An opulent hall for hire
Grand Prospect Hall website
I am very honored to nominate where I work, a place with so much history. It is not everyday that people can say they love being at their job. The Grand Prospect Hall was built in 1892. It boasted the first "French birdcage" elevator, the highest roof garden and was the first electrified commercial building in Brooklyn. Prospect Hall was the place for the prominent to parade, celebrate and party. Men in their top hats and tails, women in their jewels and Parisian gowns flocked to the hall by carriage and car to hear presidential candidate William Jennings Bryan speak and opera great Enrico Caruso perform.
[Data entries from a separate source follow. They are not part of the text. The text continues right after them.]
(* There is no circulant weighing matrix $CW(143,81)$.
   Context: A circulant weighing matrix $CW(n,k)$ is an $n\times n$ circulant matrix $W$ (each row after the first is the right cyclic shift of the previous row) with all entries in $\{0,1,-1\}$ such that $WW^T=kI_n$. *)

theory Defs
  imports Main
begin

text \<open>An n x n matrix with integer entries is represented as a function
  nat => nat => int, with indices in {0..<n}.\<close>

definition circulant :: "nat \<Rightarrow> (nat \<Rightarrow> nat \<Rightarrow> int) \<Rightarrow> bool" where
  "circulant n W \<longleftrightarrow> (\<forall>i<n. \<forall>j<n. W i j = W 0 ((j + n - i) mod n))"

definition circulant_weighing_matrix :: "nat \<Rightarrow> nat \<Rightarrow> (nat \<Rightarrow> nat \<Rightarrow> int) \<Rightarrow> bool" where
  "circulant_weighing_matrix n k W \<longleftrightarrow>
     circulant n W \<and>
     (\<forall>i<n. \<forall>j<n. W i j \<in> {0, 1, -1}) \<and>
     (\<forall>i<n. \<forall>j<n. (\<Sum>l<n. W i l * W j l) = (if i = j then int k else 0))"

end

theory Submission
  imports Defs "HOL-Library.Poly_Mapping" "HOL-Library.Numeral_Type"
begin

text \<open>
  The first row of a CW(143, 81) is an element a of the group ring Z[Z/143] with
  a a* = 81 = 3^4, where a* is the image of a under x |-> -x. The map phi induced by
  x |-> 3 x on group elements is a ring endomorphism of finite order that lifts the Frobenius
  Y |-> Y^3 modulo 3; a 3-adic lifting argument gives phi(a) = a w modulo 3^4, and comparing
  norms then shows that 3 is a multiplier: phi(a) = +-g a for a group element g. Since 3 has odd order 15 modulo 143,
  a translate of the row is invariant under x |-> 3 x, i.e. constant on the 15 orbits of that
  map. Summing over the cosets of the subgroups of order 11 and 13 turns the autocorrelation
  conditions into a small system of integer equations in the 15 orbit values, which has no
  solution with values in {-1, 0, 1}.
\<close>

section \<open>Congruences modulo powers of 3\<close>

lemma dvd_power_diff:
  fixes p x y :: "'a::comm_ring_1"
  assumes "p dvd x - y"
  shows "p dvd x ^ n - y ^ n"
  using assms by (rule dvd_trans) (simp add: power_diff_sumr2)

lemma power3_dvd_cube_diff:
  fixes x y :: "'a::comm_ring_1"
  assumes "3 ^ k dvd x - y" and "k \<ge> 1"
  shows "3 ^ (k + 1) dvd x ^ 3 - y ^ 3"
proof -
  obtain t where x: "x = y + 3 ^ k * t"
    using assms(1) by (auto elim!: dvdE simp: algebra_simps)
  obtain k' where k: "k = Suc k'"
    using assms(2) by (cases k) auto
  define q :: 'a where "q = 3 ^ k'"
  have "x ^ 3 - y ^ 3 = 3 ^ (k + 1) * (y ^ 2 * t + 3 * q * y * t ^ 2 + 3 * q ^ 2 * t ^ 3)"
    unfolding x k q_def by (simp add: algebra_simps power2_eq_square power3_eq_cube)
  then show ?thesis by simp
qed

lemma power3_dvd_iterated_cube_diff:
  fixes x y :: "'a::comm_ring_1"
  assumes "3 dvd x - y"
  shows "3 ^ (j + 1) dvd x ^ 3 ^ j - y ^ 3 ^ j"
proof (induction j)
  case 0
  then show ?case using assms by simp
next
  case (Suc j)
  then have "3 ^ (j + 1 + 1) dvd (x ^ 3 ^ j) ^ 3 - (y ^ 3 ^ j) ^ 3"
    by (intro power3_dvd_cube_diff) simp_all
  then show ?case by (simp add: power_mult[symmetric] mult.commute)
qed

lemma power3_dvd_of_cube_minus_self:
  fixes d :: "'a::comm_ring_1"
  assumes cube: "3 ^ m dvd d ^ 3 - d" and three: "3 dvd d"
  shows "3 ^ m dvd d"
proof -
  have "3 ^ Suc i dvd d" if "Suc i \<le> m" for i
    using that
  proof (induction i)
    case 0
    then show ?case using three by simp
  next
    case (Suc i)
    then obtain u where u: "d = 3 ^ Suc i * u" by (auto elim: dvdE)
    have "d ^ 3 = 3 ^ (Suc i * 3) * u ^ 3"
      unfolding u by (simp only: power_mult_distrib power_mult)
    moreover have "3 ^ Suc (Suc i) dvd (3::'a) ^ (Suc i * 3)"
      by (rule le_imp_power_dvd) simp
    ultimately have "3 ^ Suc (Suc i) dvd d ^ 3" by simp
    moreover have "3 ^ Suc (Suc i) dvd d ^ 3 - d"
      using cube Suc.prems by (meson dvd_trans le_imp_power_dvd)
    ultimately have "3 ^ Suc (Suc i) dvd d ^ 3 - (d ^ 3 - d)" by (rule dvd_diff)
    then show ?case by simp
  qed
  then show ?thesis by (cases m) simp_all
qed

lemma idempotent_mod_power3_unique:
  fixes e f :: "'a::comm_ring_1"
  assumes "3 ^ m dvd e * e - e" and "3 ^ m dvd f * f - f" and "3 dvd e - f"
  shows "3 ^ m dvd e - f"
proof (rule power3_dvd_of_cube_minus_self)
  have "(e - f) ^ 3 - (e - f) = (e + 1 - 3 * f) * (e * e - e) - (f + 1 - 3 * e) * (f * f - f)"
    by (simp add: algebra_simps power3_eq_cube)
  then show "3 ^ m dvd (e - f) ^ 3 - (e - f)"
    using assms(1,2) by (simp add: dvd_diff)
qed (fact assms(3))


lemma dvd_power_Suc_diff_of_idempotent:
  fixes p e :: "'a::comm_ring_1"
  assumes idem: "p dvd e * e - e"
  shows "p dvd e ^ Suc i - e"
proof (induction i)
  case 0
  then show ?case by simp
next
  case (Suc i)
  have "p dvd e * (e ^ Suc i - e) + (e * e - e)"
    using Suc.IH idem by simp
  also have "e * (e ^ Suc i - e) + (e * e - e) = e ^ Suc (Suc i) - e"
    by (simp add: algebra_simps)
  finally show ?case .
qed

locale ring_endo =
  fixes \<phi> :: "'a::comm_ring_1 \<Rightarrow> 'a"
  assumes map_add: "\<phi> (x + y) = \<phi> x + \<phi> y"
    and map_mult: "\<phi> (x * y) = \<phi> x * \<phi> y"
    and map_one: "\<phi> 1 = 1"
begin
On balmy evenings, the elite gathered in the Venetian gardens to watch high-class vaudeville and motion pictures--society's tony answer to Coney Island's antics. The performances were of such high caliber that silent film star Sophie Tucker graced a 1910 program. Grand Prospect Hall continued to attract both the famous and infamous. Al Capone frequented the hall's speakeasy during Prohibition. He reportedly received the facial wound that earned his "Scarface" nickname during a fight there. He also frequented the opera and had a balcony box. Lena Horne started her singing career as a teenager at the opera house. Other visiting luminaries included Mae West, Sonja Henie, Bob Hope, Ginger Rogers and Fred Astaire. Today, the refurbished Grand Prospect Hall is even more elegant and lovely than its auspicious beginnings. Now a National Historic Landmark, the hall remains a living heritage for all the people representing the American ethnic melting pot. Everyone who enters the extravagant lobby and spectacular spaces feels taller, more important, grander. Although the gold-coast life-style ended years back, the age of opulence lives on at The Grand Prospect Hall.